The PI3K/Akt pathway is involved in an endogenous negative feedback or compensatory mechanism, which affects proinflammatory cytokine production and chemotactic events in response to injury (11). Inhibition of the PI3K/Akt pathway with the PI3K inhibitor wortmannin increases serum cytokine levels and decreases the survival of rodents subjected to sepsis and hemorrhagic shock (11, 12). In addition, the PI3K/Akt pathway has a pivotal role in neutrophils migration to undergo chemotaxis (13, 14). Furthermore, the involvement of PI3K in cell migration is supported by the ability of selective PI3K inhibitors, such as wortmannin, to mitigate neutrophil chemotaxis (15). Studies have also shown that activation of the PI3K pathway protects organs or cells against hypoxia and ischemia-reperfusion injury–mediated antiapoptosis machinery (16).
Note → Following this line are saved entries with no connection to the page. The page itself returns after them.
(* Let $z_i=(x_i,y_i)$, $i=1,\dots,n$, be training data with $y_i\in\mathbb{R}$. Index by $b$ the $B=n^n$ bootstrap samples (ordered $n$-tuples of indices in $\{1,\dots,n\}$), and for each $b$ let $\widehat{y_j}^{(b)}\in\mathbb{R}$ be the prediction for observation $j$ of the tree grown on sample $b$, assumed to be a deterministic function of $b$. Let $N_i^{(b)}$ be the number of times observation $i$ occurs in sample $b$ and $I_j^{(b)}=\mathbf{1}(N_j^{(b)}=0)$. For a weight vector $W=(w_1,\dots,w_n)$ with $\sum_i w_i=1$, let $g_W(b)$ be the probability of drawing the bootstrap sample $b$ when each of the $n$ draws selects observation $k$ with probability $w_k$, and define $$S(\hat F_W)=\sum_{j=1}^n w_j\left(y_j-\frac{\sum_b \widehat{y_j}^{(b)} I_j^{(b)} g_W(b)}{\sum_b I_j^{(b)} g_W(b)}\right)^2 .$$ Let $\hat F=\hat F_{W_0}$ with $W_0=(1/n,\dots,1/n)$, so that $S(\hat F)=\frac1n\sum_j (y_j-\widehat{y_j}^{\mathrm{OOB}})^2$ where $\widehat{y_j}^{\mathrm{OOB}}=\frac{\sum_b \widehat{y_j}^{(b)}I_j^{(b)}}{\sum_b I_j^{(b)}}$. For $\varepsilon$ near $0$ let $\hat F_{\varepsilon,i}$ be the distribution putting weight $\frac{1-\varepsilon}{n}+\varepsilon$ on $z_i$ and $\frac{1-\varepsilon}{n}$ on each $z_j$, $j\ne i$, and define $\hat D_i=\frac1n\frac{\partial S(\hat F_{\varepsilon,i})}{\partial\varepsilon}\big|_{\varepsilon=0}$. Then, with $e_n=(1-1/n)^{-n}$, $$\hat D_i=\frac1n\left\{(y_i-\widehat{y_i}^{\mathrm{OOB}})^2-\frac1n\sum_j (y_j-\widehat{y_j}^{\mathrm{OOB}})^2\right\}-\frac{2e_n}{n}\sum_j (y_j-\widehat{y_j}^{\mathrm{OOB}})\left\{\frac1B\sum_b (N_i^{(b)}-1)I_j^{(b)}\big(\widehat{y_j}^{(b)}-\widehat{y_j}^{\mathrm{OOB}}\big)\right\}.$$
   Context: This is the out-of-bag (OOB) error of a bagged ensemble of regression trees under squared-error loss, viewed as a functional $S$ of a weighted empirical distribution on the training data; $\hat D_i$ is $1/n$ times the empirical influence function of $S$. All sums over $b$ range over all $B=n^n$ bootstrap samples. *)

theory Defs
  imports "HOL-Analysis.Analysis" "HOL-Library.FuncSet"
begin

text \<open>Observations are indexed by 0..n-1. A bootstrap sample is an ordered n-tuple of
  indices, represented as an extensional function b : {..<n} -> {..<n}.\<close>

definition boot_samples :: "nat \<Rightarrow> (nat \<Rightarrow> nat) set" where
  "boot_samples n = ({..<n} \<rightarrow>\<^sub>E {..<n})"

definition Ncount :: "nat \<Rightarrow> (nat \<Rightarrow> nat) \<Rightarrow> nat \<Rightarrow> nat" where
  "Ncount n b i = card {k \<in> {..<n}. b k = i}"

definition Iind :: "nat \<Rightarrow> (nat \<Rightarrow> nat) \<Rightarrow> nat \<Rightarrow> real" where
  "Iind n b j = (if Ncount n b j = 0 then 1 else 0)"

definition gW :: "nat \<Rightarrow> (nat \<Rightarrow> real) \<Rightarrow> (nat \<Rightarrow> nat) \<Rightarrow> real" where
  "gW n W b = (\<Prod>k<n. W (b k))"

definition S_fun :: "nat \<Rightarrow> (nat \<Rightarrow> real) \<Rightarrow> ((nat \<Rightarrow> nat) \<Rightarrow> nat \<Rightarrow> real)
    \<Rightarrow> (nat \<Rightarrow> real) \<Rightarrow> real" where
  "S_fun n y yhat W =
     (\<Sum>j<n. W j * (y j -
        (\<Sum>b\<in>boot_samples n. yhat b j * Iind n b j * gW n W b) /
        (\<Sum>b\<in>boot_samples n. Iind n b j * gW n W b))\<^sup>2)"

definition W_eps :: "nat \<Rightarrow> nat \<Rightarrow> real \<Rightarrow> nat \<Rightarrow> real" where
  "W_eps n i \<epsilon> = (\<lambda>j. (1 - \<epsilon>) / real n + (if j = i then \<epsilon> else 0))"

definition y_oob :: "nat \<Rightarrow> ((nat \<Rightarrow> nat) \<Rightarrow> nat \<Rightarrow> real) \<Rightarrow> nat \<Rightarrow> real" where
  "y_oob n yhat j =
     (\<Sum>b\<in>boot_samples n. yhat b j * Iind n b j) / (\<Sum>b\<in>boot_samples n. Iind n b j)"

definition D_hat :: "nat \<Rightarrow> (nat \<Rightarrow> real) \<Rightarrow> ((nat \<Rightarrow> nat) \<Rightarrow> nat \<Rightarrow> real) \<Rightarrow> nat \<Rightarrow> real" where
  "D_hat n y yhat i = (1 / real n) * deriv (\<lambda>\<epsilon>. S_fun n y yhat (W_eps n i \<epsilon>)) 0"

end

theory Submission
  imports Defs
begin

text \<open>Moving weight \<open>\<epsilon>\<close> towards observation \<open>i\<close> changes the probability
  \<open>g\<^sub>W(b) = \<Prod>\<^sub>k w\<^sub>b\<^sub>k\<close> of every bootstrap sample at rate \<open>n (N\<^sub>i(b) - 1) / n\<^sup>n\<close>
  (logarithmic derivative of a product). So every \<open>g\<^sub>W\<close>-weighted sum over the samples
  is differentiable at \<open>\<epsilon> = 0\<close>, and by the quotient rule so is the weighted out-of-bag
  prediction of each \<open>j\<close>. Its denominator at \<open>\<epsilon> = 0\<close> counts the \<open>(n - 1)\<^sup>n\<close> samples
  avoiding \<open>j\<close>, which is where \<open>e\<^sub>n / n\<^sup>n = 1 / (n - 1)\<^sup>n\<close> comes from. The product rule
  applied to each summand \<open>w\<^sub>j (y\<^sub>j - \<dots>)\<^sup>2\<close> of \<open>S\<close> then gives the two terms of \<open>D\<^sub>i\<close>:
  the first from differentiating \<open>w\<^sub>j\<close>, the second from the out-of-bag predictions.\<close>

definition y_oob_weighted ::
    "nat \<Rightarrow> ((nat \<Rightarrow> nat) \<Rightarrow> nat \<Rightarrow> real) \<Rightarrow> (nat \<Rightarrow> real) \<Rightarrow> nat \<Rightarrow> real" where
  "y_oob_weighted n yhat W j =
     (\<Sum>b\<in>boot_samples n. yhat b j * Iind n b j * gW n W b) /
     (\<Sum>b\<in>boot_samples n. Iind n b j * gW n W b)"

lemma S_fun_eq_y_oob_weighted:
  "S_fun n y yhat W = (\<Sum>j<n. W j * (y j - y_oob_weighted n yhat W j)\<^sup>2)"
  unfolding S_fun_def y_oob_weighted_def ..

lemma finite_boot_samples [simp]: "finite (boot_samples n)"
  unfolding boot_samples_def by (simp add: finite_PiE)

lemma sum_of_bool_eq_Ncount:
  "(\<Sum>k<n. of_bool (b k = i)) = real (Ncount n b i)"
  unfolding Ncount_def by (simp add: Int_def conj_commute)

lemma sum_Iind_boot_samples:
  assumes "j < n"
  shows "(\<Sum>b\<in>boot_samples n. Iind n b j) = real ((n - 1) ^ n)"
proof -
  have "(\<Sum>b\<in>boot_samples n. Iind n b j) = real (card {b \<in> boot_samples n. Ncount n b j = 0})"
    unfolding Iind_def by (simp add: sum.If_cases) (rule arg_cong[where f = card], auto)
  also have "{b \<in> boot_samples n. Ncount n b j = 0} = {..<n} \<rightarrow>\<^sub>E {..<n} - {j}"
    unfolding boot_samples_def Ncount_def by (auto simp: PiE_iff extensional_def)
  also have "card \<dots> = (n - 1) ^ n"
    using assms by (simp add: card_PiE)
  finally show ?thesis .
qed

lemma gW_const: "gW n (\<lambda>_. c) b = c ^ n"
  unfolding gW_def by simp

lemma y_oob_weighted_const:
  assumes "c \<noteq> 0"
  shows "y_oob_weighted n yhat (\<lambda>_. c) j = y_oob n yhat j"
  using assms
  by (simp add: y_oob_weighted_def y_oob_def gW_const flip: sum_distrib_right)

lemma W_eps_0: "W_eps n i 0 = (\<lambda>_. 1 / real n)"
  unfolding W_eps_def by auto

lemma has_field_derivative_W_eps:
  "((\<lambda>\<epsilon>. W_eps n i \<epsilon> j) has_field_derivative of_bool (j = i) - 1 / real n) (at \<epsilon>)"
proof -
  have affine: "(\<lambda>\<epsilon>. W_eps n i \<epsilon> j) = (\<lambda>\<epsilon>. 1 / real n + \<epsilon> * (of_bool (j = i) - 1 / real n))"
    unfolding W_eps_def by (simp add: diff_divide_distrib algebra_simps of_bool_def)
  show ?thesis
    unfolding affine by (rule DERIV_cong[OF DERIV_add[OF DERIV_const DERIV_cmult_right[OF DERIV_ident]]]) simp
qed

lemma has_field_derivative_gW_W_eps:
  assumes "n > 0"
  shows "((\<lambda>\<epsilon>. gW n (W_eps n i \<epsilon>) b) has_field_derivative
           real n / real n ^ n * (real (Ncount n b i) - 1)) (at 0)"
proof -
  have w0: "W_eps n i 0 k = 1 / real n" for k
    by (simp add: W_eps_0)
  have "((\<lambda>\<epsilon>. \<Prod>k<n. W_eps n i \<epsilon> (b k)) has_field_derivative
      (\<Prod>k<n. W_eps n i 0 (b k)) *
      (\<Sum>k<n. (of_bool (b k = i) - 1 / real n) / W_eps n i 0 (b k))) (at 0)"
    using assms by (intro has_field_derivative_prod' has_field_derivative_W_eps) (simp add: w0)
  moreover have "(\<Sum>k<n. (of_bool (b k = i) - 1 / real n) / W_eps n i 0 (b k))
      = (\<Sum>k<n. real n * of_bool (b k = i) - 1)"
    using assms by (intro sum.cong) (auto simp: w0 field_simps)
  moreover have "\<dots> = real n * (real (Ncount n b i) - 1)"
    by (simp add: sum_subtractf right_diff_distrib sum_of_bool_eq_Ncount flip: sum_distrib_left)
  ultimately show ?thesis
    unfolding gW_def by (simp add: w0 power_one_over)
qed

lemma has_field_derivative_weighted_sum_W_eps:
  assumes "n > 0"
  shows "((\<lambda>\<epsilon>. \<Sum>b\<in>boot_samples n. f b * gW n (W_eps n i \<epsilon>) b) has_field_derivative
           real n / real n ^ n * (\<Sum>b\<in>boot_samples n. f b * (real (Ncount n b i) - 1))) (at 0)"
proof -
  have "((\<lambda>\<epsilon>. \<Sum>b\<in>boot_samples n. f b * gW n (W_eps n i \<epsilon>) b) has_field_derivative
      (\<Sum>b\<in>boot_samples n. f b * (real n / real n ^ n * (real (Ncount n b i) - 1)))) (at 0)"
    by (intro DERIV_sum DERIV_cmult has_field_derivative_gW_W_eps assms)
  then show ?thesis
    by (simp add: sum_distrib_left mult_ac)
qed

lemma has_field_derivative_y_oob_weighted_W_eps:
  assumes "n \<ge> 2" and "j < n"
  shows "((\<lambda>\<epsilon>. y_oob_weighted n yhat (W_eps n i \<epsilon>) j) has_field_derivative
           real n / real ((n - 1) ^ n) *
           (\<Sum>b\<in>boot_samples n. (real (Ncount n b i) - 1) * Iind n b j * (yhat b j - y_oob n yhat j)))
         (at 0)"
proof -
  define N where "N = real n ^ n"
  define m where "m = real ((n - 1) ^ n)"
  define P where "P = (\<Sum>b\<in>boot_samples n. yhat b j * Iind n b j * (real (Ncount n b i) - 1))"
  define R where "R = (\<Sum>b\<in>boot_samples n. Iind n b j * (real (Ncount n b i) - 1))"
  define s where "s = (\<Sum>b\<in>boot_samples n. yhat b j * Iind n b j)"
  have pos: "N > 0" "m > 0"
    using assms(1) by (simp_all add: N_def m_def)
  have oob: "y_oob n yhat j = s / m"
    unfolding y_oob_def s_def m_def sum_Iind_boot_samples[OF assms(2)] ..
  have num0: "(\<Sum>b\<in>boot_samples n. yhat b j * Iind n b j * gW n (W_eps n i 0) b) = s / N"
    and den0: "(\<Sum>b\<in>boot_samples n. Iind n b j * gW n (W_eps n i 0) b) = m / N"
    by (simp_all add: W_eps_0 gW_const N_def s_def m_def power_one_over
        sum_Iind_boot_samples[OF assms(2)] flip: sum_divide_distrib)
  have num: "((\<lambda>\<epsilon>. \<Sum>b\<in>boot_samples n. yhat b j * Iind n b j * gW n (W_eps n i \<epsilon>) b)
      has_field_derivative real n / N * P) (at 0)"
    using has_field_derivative_weighted_sum_W_eps[of n "\<lambda>b. yhat b j * Iind n b j"] assms(1)
    by (simp add: P_def N_def)
  have den: "((\<lambda>\<epsilon>. \<Sum>b\<in>boot_samples n. Iind n b j * gW n (W_eps n i \<epsilon>) b)
      has_field_derivative real n / N * R) (at 0)"
    using has_field_derivative_weighted_sum_W_eps[of n "\<lambda>b. Iind n b j"] assms(1)
    by (simp add: R_def N_def)
  have "((\<lambda>\<epsilon>. y_oob_weighted n yhat (W_eps n i \<epsilon>) j) has_field_derivative
      (real n / N * P * (m / N) - s / N * (real n / N * R)) / (m / N * (m / N))) (at 0)"
    unfolding y_oob_weighted_def using DERIV_divide[OF num den] pos by (simp add: num0 den0)
  moreover have "(real n / N * P * (m / N) - s / N * (real n / N * R)) / (m / N * (m / N))
      = real n / m * (P - s / m * R)"
    using pos by (simp add: field_simps)
  moreover have "(\<Sum>b\<in>boot_samples n. (real (Ncount n b i) - 1) * Iind n b j * (yhat b j - s / m))
      = P - s / m * R"
    by (simp add: P_def R_def sum_distrib_left algebra_simps flip: sum_subtractf)
  ultimately show ?thesis
    unfolding oob m_def[symmetric] by simp
qed

lemma has_field_derivative_S_fun_W_eps:
  fixes y :: "nat \<Rightarrow> real" and yhat :: "(nat \<Rightarrow> nat) \<Rightarrow> nat \<Rightarrow> real"
  assumes "n \<ge> 2" and "i < n"
  defines "r j \<equiv> y j - y_oob n yhat j"
    and "T j \<equiv> (\<Sum>b\<in>boot_samples n. (real (Ncount n b i) - 1) * Iind n b j * (yhat b j - y_oob n yhat j))"
  shows "((\<lambda>\<epsilon>. S_fun n y yhat (W_eps n i \<epsilon>)) has_field_derivative
           (r i)\<^sup>2 - 1 / real n * (\<Sum>j<n. (r j)\<^sup>2) - 2 / real ((n - 1) ^ n) * (\<Sum>j<n. r j * T j))
         (at 0)"
proof -
  define m where "m = real ((n - 1) ^ n)"
  have "((\<lambda>\<epsilon>. W_eps n i \<epsilon> j * (y j - y_oob_weighted n yhat (W_eps n i \<epsilon>) j)\<^sup>2)
      has_field_derivative (of_bool (j = i) - 1 / real n) * (r j)\<^sup>2 - 2 / m * (r j * T j)) (at 0)"
    if "j < n" for j
  proof -
    note w = has_field_derivative_W_eps[where n = n and i = i and j = j and \<epsilon> = 0]
    note q = has_field_derivative_y_oob_weighted_W_eps[OF assms(1) that, where yhat = yhat and i = i]
    have "((\<lambda>\<epsilon>. W_eps n i \<epsilon> j * (y j - y_oob_weighted n yhat (W_eps n i \<epsilon>) j)\<^sup>2)
        has_field_derivative (of_bool (j = i) - 1 / real n) * (r j)\<^sup>2
          + 2 * ((0 - real n / m * T j) * r j) * (1 / real n)) (at 0)"
      using DERIV_mult[OF w DERIV_power[OF DERIV_diff[OF DERIV_const q], where n = 2]] assms(1)
      by (simp add: W_eps_0 y_oob_weighted_const r_def T_def m_def)
    then show ?thesis
      using assms(1) by (simp add: field_simps)
  qed
  then have "((\<lambda>\<epsilon>. S_fun n y yhat (W_eps n i \<epsilon>)) has_field_derivative
      (\<Sum>j<n. (of_bool (j = i) - 1 / real n) * (r j)\<^sup>2 - 2 / m * (r j * T j))) (at 0)"
    unfolding S_fun_eq_y_oob_weighted by (intro DERIV_sum) simp
  moreover have "(\<Sum>j<n. (of_bool (j = i) - 1 / real n) * (r j)\<^sup>2 - 2 / m * (r j * T j))
      = (r i)\<^sup>2 - 1 / real n * (\<Sum>j<n. (r j)\<^sup>2) - 2 / m * (\<Sum>j<n. r j * T j)"
    using assms(2) by (simp add: sum_subtractf left_diff_distrib sum_distrib_left)
  ultimately show ?thesis
    unfolding m_def by simp
qed

lemma one_minus_inverse_power_mult_power:
  assumes "n > 0"
  shows "(1 - 1 / real n) ^ n * real (n ^ n) = real ((n - 1) ^ n)"
proof -
  have "(1 - 1 / real n) * real n = real (n - 1)"
    using assms by (simp add: field_simps of_nat_diff)
  then show ?thesis
    by (simp flip: power_mult_distrib)
qed

theorem theorem1:
  fixes n :: nat and y :: "nat \<Rightarrow> real" and yhat :: "(nat \<Rightarrow> nat) \<Rightarrow> nat \<Rightarrow> real"
    and i :: nat
  assumes "n \<ge> 2" and "i < n"
  shows "(\<lambda>\<epsilon>. S_fun n y yhat (W_eps n i \<epsilon>)) differentiable (at 0) \<and>
    D_hat n y yhat i =
      (1 / real n) * ((y i - y_oob n yhat i)\<^sup>2 - (1 / real n) * (\<Sum>j<n. (y j - y_oob n yhat j)\<^sup>2))
      - (2 * inverse ((1 - 1 / real n) ^ n) / real n) *
        (\<Sum>j<n. (y j - y_oob n yhat j) *
          ((1 / real (n ^ n)) * (\<Sum>b\<in>boot_samples n.
              (real (Ncount n b i) - 1) * Iind n b j * (yhat b j - y_oob n yhat j))))"
proof -
  note deriv_S = has_field_derivative_S_fun_W_eps[OF assms, of y yhat]
  have n_pos: "n > 0"
    using assms(1) by simp
  have "1 - 1 / real n \<noteq> 0"
    using assms(1) by simp
  then have rearrange: "1 / real n * (a - 1 / real n * s - 2 / ((1 - 1 / real n) ^ n * real (n ^ n)) * t)
      = 1 / real n * (a - 1 / real n * s) - 2 * inverse ((1 - 1 / real n) ^ n) / real n * (1 / real (n ^ n) * t)"
    for a s t
    using n_pos by (simp add: field_simps)
  have factor: "(\<Sum>j<n. r j * (c * t j)) = c * (\<Sum>j<n. r j * t j)" for r t :: "nat \<Rightarrow> real" and c
    by (simp add: sum_distrib_left mult.left_commute)
  have "(\<lambda>\<epsilon>. S_fun n y yhat (W_eps n i \<epsilon>)) differentiable (at 0)"
    unfolding real_differentiable_def using deriv_S by blast
  then show ?thesis
    unfolding D_hat_def DERIV_imp_deriv[OF deriv_S] factor
      one_minus_inverse_power_mult_power[OF n_pos, symmetric] rearrange
    by simp
qed

end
It is known that 5-hydroxytryptamine subtype 3 (5-HT3) receptor antagonists have an antiemetic effect used to treat vomiting induced by surgery or chemotherapy/radiation therapies; the latter suggests the 5-HT3 receptor presence in various cell types involved in inflammation (17, 18). Our previous study has shown that 5-HT3 receptor antagonist ondansetron can attenuate hepatic injury after trauma-hemorrhage (19). Recent report shows tropisetron pretreatment possesses salutary effects in an embolic stroke rat model (20). It is suggested that tropisetron may exert anti-inflammatory and organ-protective effects in response to injury. Furthermore, previous studies have shown that an increase in Akt activity improved cardiac function following trauma-hemorrhage or ischemia injury (21). It is implied that Akt may play a role in tropisetron-mediated cardioprotection following trauma-hemorrhage. We hypothesized that the beneficial effects of tropisetron following trauma- hemorrhage are mediated by an Akt-related pathway. To test this hypothesis, animals were treated with tropisetron alone and in combination with the PI3K inhibitor wortmannin after trauma-hemorrhage. The effects of these treatments were then examined with respect to cardiac function as well as cardiac myeloperoxidase (MPO) activity, IL-6, ICAM-1, phospho(p)-Akt/Akt levels, and apoptosis after trauma-hemorrhage.
MATERIALS AND METHODS
This study was approved by the Institutional Animal Care and Use Committee of Chang Gung Memorial Hospital (no. 2008011401). All animal experiments were performed according to the guidelines of the Animal Welfare Act and The Guide for Care and Use of Laboratory Animals from the National Institutes of Health.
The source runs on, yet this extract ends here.